Mäkitalo (2014: 26) notes that categories are not just resources for understanding; they are also used to achieve something through talk. Human service organisations do the work of categorising and processing people (clients) to determine, for example, what benefits and treatments they are to receive (Prottas 1978: 289). Categorisations are consequential, as they can even provide access to or denial of services (Mäkitalo 2014: 42). Organisations are also said to “emerge through processes of drawing distinctions” (Hernes 2004: 10). Thus, they come into existence through boundary work when their place in the service system is negotiated, such as when they limit the clients and services included or excluded from the expertise of the organisation (Juhila and Hall 2017; Slembrouck and Hall 2014: 73). Overly strict boundaries could lead to situations where people fall into the gaps between institutions (Hjörne et al., 2010: 305).
The family centre as a research setting
Family centres are commonly understood as Nordic innovations, and Sweden is seen as a forerunner in their development; nevertheless, they have also been developed elsewhere, such as in the UK (Bing 2012; Halme et al., 2012). Centres are founded on the following principles: partnership, locality, low thresholds, and responsiveness (Halme et al., 2012). Such centres have recently been developed as part of the Finnish Governments’ adjustment programme for child and family services (LAPE 2015–2019) and its state-level health and social care reform.
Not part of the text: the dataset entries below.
lemma at6_differentiable:
  assumes "q differentiable (at t)" "p differentiable (at t)"
    and "q differentiable (at (t - tau))" "p differentiable (at (t - tau))"
    and "(\<lambda>(a, b, c, d, e, f). H a b c d e f) differentiable
           (at (t, t - tau, q t, q (t - tau), p t, p (t - tau)))"
  shows "at6 H tau q p differentiable (at t)"
proof -
  have "(\<lambda>t. (t, t - tau, q t, q (t - tau), p t, p (t - tau))) differentiable (at t)"
    using assms
    by (intro differentiable_Pair differentiable_ident differentiable_shift_minus
        differentiable_diff differentiable_const) auto
  from differentiable_chain_at[OF this assms(5)]
  show ?thesis by (simp add: at6_def[abs_def] o_def)
qed

definition conj_momentum ::
  "real \<Rightarrow> real \<Rightarrow> real \<Rightarrow> real \<Rightarrow> real \<Rightarrow> (real \<Rightarrow> real) \<Rightarrow> real \<Rightarrow> real" where
  "conj_momentum a1 a2 a3 a4 tau p t = a4 * p (t + tau) + (a2 + a3) * p t + a1 * p (t - tau)"

definition energy_correction ::
  "real \<Rightarrow> real \<Rightarrow> real \<Rightarrow> (real \<Rightarrow> real) \<Rightarrow> (real \<Rightarrow> real) \<Rightarrow> real \<Rightarrow> real" where
  "energy_correction a2 a4 tau q p t =
     a2 * (p t * deriv q t - p (t - tau) * deriv q (t - tau))
   + a4 * (p (t + tau) * deriv q t - p t * deriv q (t - tau))"

lemma Cdens_eq:
  "Cdens a1 a2 a3 a4 H xi eta tau q p =
     (\<lambda>t. at3 eta q p t * conj_momentum a1 a2 a3 a4 tau p t
        - at3 xi q p t * (energy_correction a2 a4 tau q p t + at6 H tau q p t))"
  by (simp add: Cdens_def conj_momentum_def energy_correction_def fun_eq_iff)

lemma varH_t_eq:
  "varH_t a1 a2 a3 a4 H tau q p t =
     deriv (energy_correction a2 a4 tau q p) t + deriv (at6 H tau q p) t
   - (at6 (dH_t H) tau q p t + at6 (dH_tm H) tau q p (t + tau))"
  by (simp add: varH_t_def energy_correction_def[abs_def])

lemma conj_momentum_has_derivative:
  assumes "\<And>t. p differentiable (at t)"
  shows "(conj_momentum a1 a2 a3 a4 tau p has_real_derivative
           a4 * deriv p (t + tau) + (a2 + a3) * deriv p t + a1 * deriv p (t - tau)) (at t)"
proof -
  have p': "(p has_real_derivative deriv p s) (at s)" for s
    using assms DERIV_deriv_iff_real_differentiable by blast
  have "((\<lambda>s. p (s + tau)) has_real_derivative deriv p (t + tau)) (at t)"
    using p' DERIV_shift by blast
  moreover have "((\<lambda>s. p (s - tau)) has_real_derivative deriv p (t - tau)) (at t)"
    using p' by (rule DERIV_shift_minus)
  ultimately show ?thesis
    unfolding conj_momentum_def[abs_def] using p' by (auto intro!: derivative_eq_intros)
qed

lemma energy_correction_differentiable:
  assumes "\<And>t. q differentiable (at t)" "\<And>t. p differentiable (at t)"
    and "\<And>t. deriv q differentiable (at t)"
  shows "energy_correction a2 a4 tau q p differentiable (at t)"
  unfolding energy_correction_def[abs_def]
  using assms by (intro derivative_intros differentiable_shift differentiable_shift_minus) auto

lemma Noether_identity_deriv_Cdens:
  assumes H_smooth: "\<And>x. (\<lambda>(a, b, c, d, e, f). H a b c d e f) differentiable (at x)"
    and xi_smooth: "\<And>x. (\<lambda>(a, b, c). xi a b c) differentiable (at x)"
    and eta_smooth: "\<And>x. (\<lambda>(a, b, c). eta a b c) differentiable (at x)"
    and q_diff: "\<And>t. q differentiable (at t)"
    and p_diff: "\<And>t. p differentiable (at t)"
    and q'_diff: "\<And>t. deriv q differentiable (at t)"
  shows "deriv (Cdens a1 a2 a3 a4 H xi eta tau q p) t =
           Pflux a1 a2 a3 a4 H xi eta nu tau q p (t + tau)
         - Pflux a1 a2 a3 a4 H xi eta nu tau q p t
         + Omega a1 a2 a3 a4 H xi eta nu tau q p t
         - F_H a1 a2 a3 a4 H xi eta nu tau q p t"
proof -
  have xi_diff: "at3 xi q p differentiable (at s)" for s
    using at3_differentiable q_diff p_diff xi_smooth by blast
  have eta_diff: "at3 eta q p differentiable (at s)" for s
    using at3_differentiable q_diff p_diff eta_smooth by blast
  have H_diff: "at6 H tau q p differentiable (at s)" for s
    using at6_differentiable q_diff p_diff H_smooth by blast
  have correction_diff: "energy_correction a2 a4 tau q p differentiable (at s)" for s
    using energy_correction_differentiable q_diff p_diff q'_diff by blast
  have DERIV_of: "(f has_real_derivative deriv f s) (at s)" if "f differentiable (at s)" for f s
    using that DERIV_deriv_iff_real_differentiable by blast
  have dC: "deriv (Cdens a1 a2 a3 a4 H xi eta tau q p) t =
      deriv (at3 eta q p) t * conj_momentum a1 a2 a3 a4 tau p t
    + at3 eta q p t * (a4 * deriv p (t + tau) + (a2 + a3) * deriv p t + a1 * deriv p (t - tau))
    - deriv (at3 xi q p) t * (energy_correction a2 a4 tau q p t + at6 H tau q p t)
    - at3 xi q p t * (deriv (energy_correction a2 a4 tau q p) t + deriv (at6 H tau q p) t)"
    unfolding Cdens_eq
    by (intro DERIV_imp_deriv)
      (auto intro!: derivative_eq_intros DERIV_of xi_diff eta_diff H_diff correction_diff conj_momentum_has_derivative p_diff)
  have dX: "deriv (\<lambda>s. at3 xi q p s - at3 xi q p (s - tau)) t
      = deriv (at3 xi q p) t - deriv (at3 xi q p) (t - tau)"
    by (intro DERIV_imp_deriv)
      (auto intro!: derivative_eq_intros DERIV_of xi_diff DERIV_shift_minus)
  show ?thesis
    unfolding dC dX Omega_def F_H_def varH_p_def varH_q_def varH_t_eq Pflux_def
    by (simp add: deriv_shift_minus eta_diff xi_diff conj_momentum_def energy_correction_def algebra_simps)
qed

theorem theorem5:
  fixes a1 a2 a3 a4 tau :: real
    and H :: ham and xi eta nu :: coef
    and q p :: "real \<Rightarrow> real"
  assumes tau_pos: "tau > 0"
    and H_smooth: "\<And>x. (\<lambda>(a, b, c, d, e, f). H a b c d e f) differentiable (at x)"
    and xi_smooth: "\<And>x. (\<lambda>(a, b, c). xi a b c) differentiable (at x)"
    and eta_smooth: "\<And>x. (\<lambda>(a, b, c). eta a b c) differentiable (at x)"
    and nu_smooth: "\<And>x. (\<lambda>(a, b, c). nu a b c) differentiable (at x)"
    and q_diff: "\<And>t. q differentiable (at t)"
    and p_diff: "\<And>t. p differentiable (at t)"
    and q'_diff: "\<And>t. deriv q differentiable (at t)"
    and p'_diff: "\<And>t. deriv p differentiable (at t)"
    and invariant: "\<And>t. Omega a1 a2 a3 a4 H xi eta nu tau q p t = 0"
    and extremal: "\<And>t. F_H a1 a2 a3 a4 H xi eta nu tau q p t = 0"
  shows "\<forall>t. deriv (Cdens a1 a2 a3 a4 H xi eta tau q p) t
           = Pflux a1 a2 a3 a4 H xi eta nu tau q p (t + tau)
             - Pflux a1 a2 a3 a4 H xi eta nu tau q p t"
  using Noether_identity_deriv_Cdens[where nu = nu, OF H_smooth xi_smooth eta_smooth q_diff p_diff q'_diff]
    invariant extremal
  by simp

end
text \<open>Differentiating t^2 |Q t + 1 - 2 gamma|^2 - |Q t - 1|^2, which is nonnegative on [0, 1)
  and vanishes at t = 1.\<close>
lemma radial_derivative_bound:
  fixes Q :: "real \<Rightarrow> complex"
  assumes QD: "(Q has_vector_derivative D) (at 1)" and Q1: "Re (Q 1) = \<gamma>"
    and bound: "\<And>t. 0 \<le> t \<Longrightarrow> t < 1 \<Longrightarrow> norm (Q t - 1) \<le> t * norm (Q t + of_real (1 - 2*\<gamma>))"
  shows "(1-\<gamma>)^2 + (Im (Q 1))^2 + 2*(1-\<gamma>)*Re D \<le> 0"
proof -
  define G where "G = (\<lambda>t::real. t^2 * ((Re (Q t) + (1 - 2*\<gamma>))^2 + (Im (Q t))^2)
                                  - ((Re (Q t) - 1)^2 + (Im (Q t))^2))"
  have "(G has_real_derivative
      (2 * 1 * ((Re (Q 1) + (1 - 2*\<gamma>))^2 + (Im (Q 1))^2)
       + 1^2 * (2 * (Re (Q 1) + (1 - 2*\<gamma>)) * Re D + 2 * Im (Q 1) * Im D))
      - (2 * (Re (Q 1) - 1) * Re D + 2 * Im (Q 1) * Im D)) (at 1)"
    unfolding G_def
    by (rule derivative_eq_intros QD refl | simp add: algebra_simps)+
  moreover have "G 1 = 0" unfolding G_def using Q1 by (simp add: power2_eq_square algebra_simps)
  moreover have "G t \<ge> 0" if "0 \<le> t" "t < 1" for t
  proof -
    have "(norm (Q t - 1))^2 \<le> (t * norm (Q t + of_real (1 - 2*\<gamma>)))^2"
      using bound[OF that] by (intro power_mono) auto
    then show ?thesis unfolding G_def by (simp add: cmod_power2 power_mult_distrib)
  qed
  ultimately have "2 * ((Re (Q 1) + (1 - 2*\<gamma>))^2 + (Im (Q 1))^2)
       + (2 * (Re (Q 1) + (1 - 2*\<gamma>)) * Re D + 2 * Im (Q 1) * Im D)
      - (2 * (Re (Q 1) - 1) * Re D + 2 * Im (Q 1) * Im D) \<le> 0"
    using DERIV_nonpos_at_1_if_ge_on_left by fastforce
  then show ?thesis using Q1 by (simp add: power2_eq_square algebra_simps)
qed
The family centre studied in this paper was developed and launched as part of this recent key governmental project.
The services and organisations constituting a family centre vary nationwide and in different countries. They can be organised in a concrete building, as service networks, as mobile “out-of-office” services, or as a combination of these service models (Halme et al., 2012). As there is no ready-made or fixed model, the starting point in the creation of an individual centre is to categorise what “we” are as a family centre in relation to the national “standards”: who our clients are, what services we deliver to them, and who the responsible actors are.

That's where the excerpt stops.